Stored data entries ->
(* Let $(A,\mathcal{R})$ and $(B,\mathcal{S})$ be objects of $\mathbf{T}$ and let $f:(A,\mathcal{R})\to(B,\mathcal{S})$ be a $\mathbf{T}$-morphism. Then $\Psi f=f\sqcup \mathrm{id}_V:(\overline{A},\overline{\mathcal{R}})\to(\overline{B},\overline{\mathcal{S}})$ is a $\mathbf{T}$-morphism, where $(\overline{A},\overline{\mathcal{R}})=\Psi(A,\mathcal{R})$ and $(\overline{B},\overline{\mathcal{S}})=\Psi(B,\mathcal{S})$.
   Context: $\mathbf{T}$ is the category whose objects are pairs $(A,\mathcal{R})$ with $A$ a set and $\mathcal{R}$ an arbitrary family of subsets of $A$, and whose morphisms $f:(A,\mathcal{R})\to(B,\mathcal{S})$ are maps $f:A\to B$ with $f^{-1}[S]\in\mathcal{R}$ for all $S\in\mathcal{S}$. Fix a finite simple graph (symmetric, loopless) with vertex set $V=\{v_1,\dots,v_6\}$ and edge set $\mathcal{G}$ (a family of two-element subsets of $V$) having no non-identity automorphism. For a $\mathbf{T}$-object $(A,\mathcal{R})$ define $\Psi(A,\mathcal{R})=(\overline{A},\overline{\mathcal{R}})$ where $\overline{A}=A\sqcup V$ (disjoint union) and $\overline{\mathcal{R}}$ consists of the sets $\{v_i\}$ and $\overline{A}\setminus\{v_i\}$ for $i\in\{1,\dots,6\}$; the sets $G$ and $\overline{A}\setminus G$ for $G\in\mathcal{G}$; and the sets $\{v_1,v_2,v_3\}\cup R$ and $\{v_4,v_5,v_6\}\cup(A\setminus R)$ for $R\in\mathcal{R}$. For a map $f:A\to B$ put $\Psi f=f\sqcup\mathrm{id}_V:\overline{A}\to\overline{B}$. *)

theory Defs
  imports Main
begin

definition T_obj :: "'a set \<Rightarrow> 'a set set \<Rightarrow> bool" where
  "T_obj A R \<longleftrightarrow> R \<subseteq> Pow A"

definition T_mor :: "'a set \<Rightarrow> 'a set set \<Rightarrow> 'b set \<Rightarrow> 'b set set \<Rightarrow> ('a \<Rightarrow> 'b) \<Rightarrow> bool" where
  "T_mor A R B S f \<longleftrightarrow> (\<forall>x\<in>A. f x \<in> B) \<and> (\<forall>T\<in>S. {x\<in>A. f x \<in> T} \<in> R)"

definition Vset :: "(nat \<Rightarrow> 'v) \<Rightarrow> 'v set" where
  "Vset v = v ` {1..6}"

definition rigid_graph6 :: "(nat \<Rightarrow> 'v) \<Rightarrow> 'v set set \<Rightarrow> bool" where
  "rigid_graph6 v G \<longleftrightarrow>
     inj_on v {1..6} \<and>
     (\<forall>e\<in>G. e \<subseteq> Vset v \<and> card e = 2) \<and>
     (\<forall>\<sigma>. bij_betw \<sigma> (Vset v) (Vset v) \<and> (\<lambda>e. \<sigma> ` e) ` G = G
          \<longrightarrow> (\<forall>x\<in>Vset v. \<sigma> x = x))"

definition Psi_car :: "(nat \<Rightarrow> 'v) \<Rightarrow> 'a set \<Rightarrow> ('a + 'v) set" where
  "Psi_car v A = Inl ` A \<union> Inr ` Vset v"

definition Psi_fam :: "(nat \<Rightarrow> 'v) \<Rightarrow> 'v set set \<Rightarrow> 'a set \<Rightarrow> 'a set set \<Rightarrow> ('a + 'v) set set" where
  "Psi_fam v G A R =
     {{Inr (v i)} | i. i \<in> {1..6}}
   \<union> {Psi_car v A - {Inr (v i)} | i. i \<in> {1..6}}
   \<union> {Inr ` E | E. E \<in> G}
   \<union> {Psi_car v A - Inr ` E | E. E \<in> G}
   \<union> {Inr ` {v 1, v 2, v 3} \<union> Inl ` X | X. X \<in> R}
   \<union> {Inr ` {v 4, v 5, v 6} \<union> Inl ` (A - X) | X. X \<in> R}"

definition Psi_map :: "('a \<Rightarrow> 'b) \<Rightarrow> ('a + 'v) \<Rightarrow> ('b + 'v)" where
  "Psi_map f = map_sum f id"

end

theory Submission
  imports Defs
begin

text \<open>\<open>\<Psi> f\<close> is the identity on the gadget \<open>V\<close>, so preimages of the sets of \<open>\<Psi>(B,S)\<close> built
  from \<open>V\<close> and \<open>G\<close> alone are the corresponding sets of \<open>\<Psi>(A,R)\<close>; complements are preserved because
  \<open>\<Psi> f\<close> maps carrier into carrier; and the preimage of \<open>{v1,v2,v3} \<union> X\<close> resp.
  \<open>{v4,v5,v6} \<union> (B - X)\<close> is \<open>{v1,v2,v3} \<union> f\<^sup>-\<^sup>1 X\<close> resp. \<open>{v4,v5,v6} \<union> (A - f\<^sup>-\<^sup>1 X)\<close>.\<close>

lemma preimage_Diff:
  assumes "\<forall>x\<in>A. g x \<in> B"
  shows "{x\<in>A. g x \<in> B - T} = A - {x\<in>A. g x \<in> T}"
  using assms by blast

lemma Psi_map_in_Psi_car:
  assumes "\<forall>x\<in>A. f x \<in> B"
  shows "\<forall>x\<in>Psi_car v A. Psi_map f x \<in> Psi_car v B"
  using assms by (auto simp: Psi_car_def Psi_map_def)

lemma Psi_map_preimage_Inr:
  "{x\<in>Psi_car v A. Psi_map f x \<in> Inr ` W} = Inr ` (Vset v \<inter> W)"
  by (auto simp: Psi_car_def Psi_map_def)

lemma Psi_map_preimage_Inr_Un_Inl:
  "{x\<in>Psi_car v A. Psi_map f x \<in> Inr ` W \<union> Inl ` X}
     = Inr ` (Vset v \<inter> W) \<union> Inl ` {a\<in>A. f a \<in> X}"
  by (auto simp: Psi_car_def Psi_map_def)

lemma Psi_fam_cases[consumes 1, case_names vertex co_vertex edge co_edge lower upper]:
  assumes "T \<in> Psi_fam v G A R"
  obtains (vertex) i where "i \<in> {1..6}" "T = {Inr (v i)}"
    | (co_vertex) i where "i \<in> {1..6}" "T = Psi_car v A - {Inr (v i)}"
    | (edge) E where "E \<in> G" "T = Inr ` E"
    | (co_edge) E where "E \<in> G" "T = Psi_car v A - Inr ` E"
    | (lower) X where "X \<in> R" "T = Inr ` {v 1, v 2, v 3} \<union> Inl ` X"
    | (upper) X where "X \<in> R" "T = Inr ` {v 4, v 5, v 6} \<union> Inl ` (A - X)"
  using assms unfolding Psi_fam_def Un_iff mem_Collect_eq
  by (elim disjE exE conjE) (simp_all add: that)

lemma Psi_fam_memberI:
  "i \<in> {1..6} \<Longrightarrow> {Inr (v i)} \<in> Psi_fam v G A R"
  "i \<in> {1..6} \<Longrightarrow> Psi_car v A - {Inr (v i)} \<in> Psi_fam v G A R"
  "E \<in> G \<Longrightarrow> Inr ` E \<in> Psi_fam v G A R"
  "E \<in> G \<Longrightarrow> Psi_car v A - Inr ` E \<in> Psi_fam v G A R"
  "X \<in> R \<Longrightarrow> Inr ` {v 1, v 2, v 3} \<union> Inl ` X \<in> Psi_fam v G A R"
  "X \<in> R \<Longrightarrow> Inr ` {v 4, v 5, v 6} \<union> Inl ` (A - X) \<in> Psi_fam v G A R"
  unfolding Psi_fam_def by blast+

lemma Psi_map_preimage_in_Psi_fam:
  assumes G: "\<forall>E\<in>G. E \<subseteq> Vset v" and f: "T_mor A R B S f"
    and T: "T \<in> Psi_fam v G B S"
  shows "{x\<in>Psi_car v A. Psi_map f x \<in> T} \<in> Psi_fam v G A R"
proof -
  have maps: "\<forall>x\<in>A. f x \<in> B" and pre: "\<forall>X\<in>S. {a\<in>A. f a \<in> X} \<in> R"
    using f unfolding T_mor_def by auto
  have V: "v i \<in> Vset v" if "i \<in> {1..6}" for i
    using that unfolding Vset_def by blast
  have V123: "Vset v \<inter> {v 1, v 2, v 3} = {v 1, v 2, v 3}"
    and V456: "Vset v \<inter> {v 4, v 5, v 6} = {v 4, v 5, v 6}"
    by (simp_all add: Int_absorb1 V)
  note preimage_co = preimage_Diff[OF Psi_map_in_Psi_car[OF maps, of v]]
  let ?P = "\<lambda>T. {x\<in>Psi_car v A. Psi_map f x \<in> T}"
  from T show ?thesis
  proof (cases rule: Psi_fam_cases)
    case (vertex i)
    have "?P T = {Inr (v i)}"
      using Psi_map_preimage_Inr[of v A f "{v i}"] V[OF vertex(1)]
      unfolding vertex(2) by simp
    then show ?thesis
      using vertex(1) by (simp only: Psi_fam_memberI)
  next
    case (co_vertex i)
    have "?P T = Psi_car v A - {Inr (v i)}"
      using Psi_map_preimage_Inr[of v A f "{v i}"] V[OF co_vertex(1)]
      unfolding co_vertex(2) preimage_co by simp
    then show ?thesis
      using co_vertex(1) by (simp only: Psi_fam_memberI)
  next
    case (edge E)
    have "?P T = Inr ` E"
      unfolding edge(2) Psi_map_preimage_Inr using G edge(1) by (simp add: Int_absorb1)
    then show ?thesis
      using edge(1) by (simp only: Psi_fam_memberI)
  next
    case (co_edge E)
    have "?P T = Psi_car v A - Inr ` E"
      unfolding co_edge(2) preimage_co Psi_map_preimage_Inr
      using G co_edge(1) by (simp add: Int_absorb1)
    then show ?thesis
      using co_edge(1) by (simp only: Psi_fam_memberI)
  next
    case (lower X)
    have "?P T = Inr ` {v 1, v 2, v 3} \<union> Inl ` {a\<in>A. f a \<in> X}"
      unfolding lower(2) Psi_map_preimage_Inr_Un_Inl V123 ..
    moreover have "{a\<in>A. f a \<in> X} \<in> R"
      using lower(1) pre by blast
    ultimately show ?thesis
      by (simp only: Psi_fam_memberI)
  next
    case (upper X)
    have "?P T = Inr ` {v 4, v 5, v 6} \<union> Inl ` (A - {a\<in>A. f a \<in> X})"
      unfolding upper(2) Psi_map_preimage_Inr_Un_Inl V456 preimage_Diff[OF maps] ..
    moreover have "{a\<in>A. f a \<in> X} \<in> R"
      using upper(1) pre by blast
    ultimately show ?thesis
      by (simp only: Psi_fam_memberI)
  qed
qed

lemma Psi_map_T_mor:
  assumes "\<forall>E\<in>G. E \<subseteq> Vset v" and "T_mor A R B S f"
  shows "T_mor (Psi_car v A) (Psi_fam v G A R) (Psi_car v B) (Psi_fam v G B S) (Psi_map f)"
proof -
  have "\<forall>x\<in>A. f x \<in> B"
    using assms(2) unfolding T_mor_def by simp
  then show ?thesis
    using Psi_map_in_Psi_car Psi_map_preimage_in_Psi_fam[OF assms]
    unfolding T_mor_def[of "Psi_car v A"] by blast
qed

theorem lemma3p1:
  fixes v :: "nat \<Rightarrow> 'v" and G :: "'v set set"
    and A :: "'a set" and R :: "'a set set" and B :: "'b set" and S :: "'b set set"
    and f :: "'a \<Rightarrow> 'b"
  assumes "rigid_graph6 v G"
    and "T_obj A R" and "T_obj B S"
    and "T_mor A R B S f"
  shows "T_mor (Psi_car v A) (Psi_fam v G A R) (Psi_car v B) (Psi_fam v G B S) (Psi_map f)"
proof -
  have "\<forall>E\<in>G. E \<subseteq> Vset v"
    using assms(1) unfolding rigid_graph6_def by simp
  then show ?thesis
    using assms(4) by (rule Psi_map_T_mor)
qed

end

EXERCISE ->
Up to and including the line with "set set \<Rightarrow> 'b", repeat the data exactly, starting from its first line; nothing else belongs in the response.

COMPLETED TASK ->
(* Let $(A,\mathcal{R})$ and $(B,\mathcal{S})$ be objects of $\mathbf{T}$ and let $f:(A,\mathcal{R})\to(B,\mathcal{S})$ be a $\mathbf{T}$-morphism. Then $\Psi f=f\sqcup \mathrm{id}_V:(\overline{A},\overline{\mathcal{R}})\to(\overline{B},\overline{\mathcal{S}})$ is a $\mathbf{T}$-morphism, where $(\overline{A},\overline{\mathcal{R}})=\Psi(A,\mathcal{R})$ and $(\overline{B},\overline{\mathcal{S}})=\Psi(B,\mathcal{S})$.
   Context: $\mathbf{T}$ is the category whose objects are pairs $(A,\mathcal{R})$ with $A$ a set and $\mathcal{R}$ an arbitrary family of subsets of $A$, and whose morphisms $f:(A,\mathcal{R})\to(B,\mathcal{S})$ are maps $f:A\to B$ with $f^{-1}[S]\in\mathcal{R}$ for all $S\in\mathcal{S}$. Fix a finite simple graph (symmetric, loopless) with vertex set $V=\{v_1,\dots,v_6\}$ and edge set $\mathcal{G}$ (a family of two-element subsets of $V$) having no non-identity automorphism. For a $\mathbf{T}$-object $(A,\mathcal{R})$ define $\Psi(A,\mathcal{R})=(\overline{A},\overline{\mathcal{R}})$ where $\overline{A}=A\sqcup V$ (disjoint union) and $\overline{\mathcal{R}}$ consists of the sets $\{v_i\}$ and $\overline{A}\setminus\{v_i\}$ for $i\in\{1,\dots,6\}$; the sets $G$ and $\overline{A}\setminus G$ for $G\in\mathcal{G}$; and the sets $\{v_1,v_2,v_3\}\cup R$ and $\{v_4,v_5,v_6\}\cup(A\setminus R)$ for $R\in\mathcal{R}$. For a map $f:A\to B$ put $\Psi f=f\sqcup\mathrm{id}_V:\overline{A}\to\overline{B}$. *)

theory Defs
  imports Main
begin

definition T_obj :: "'a set \<Rightarrow> 'a set set \<Rightarrow> bool" where
  "T_obj A R \<longleftrightarrow> R \<subseteq> Pow A"

definition T_mor :: "'a set \<Rightarrow> 'a set set \<Rightarrow> 'b set \<Rightarrow> 'b set set \<Rightarrow> ('a \<Rightarrow> 'b) \<Rightarrow> bool" where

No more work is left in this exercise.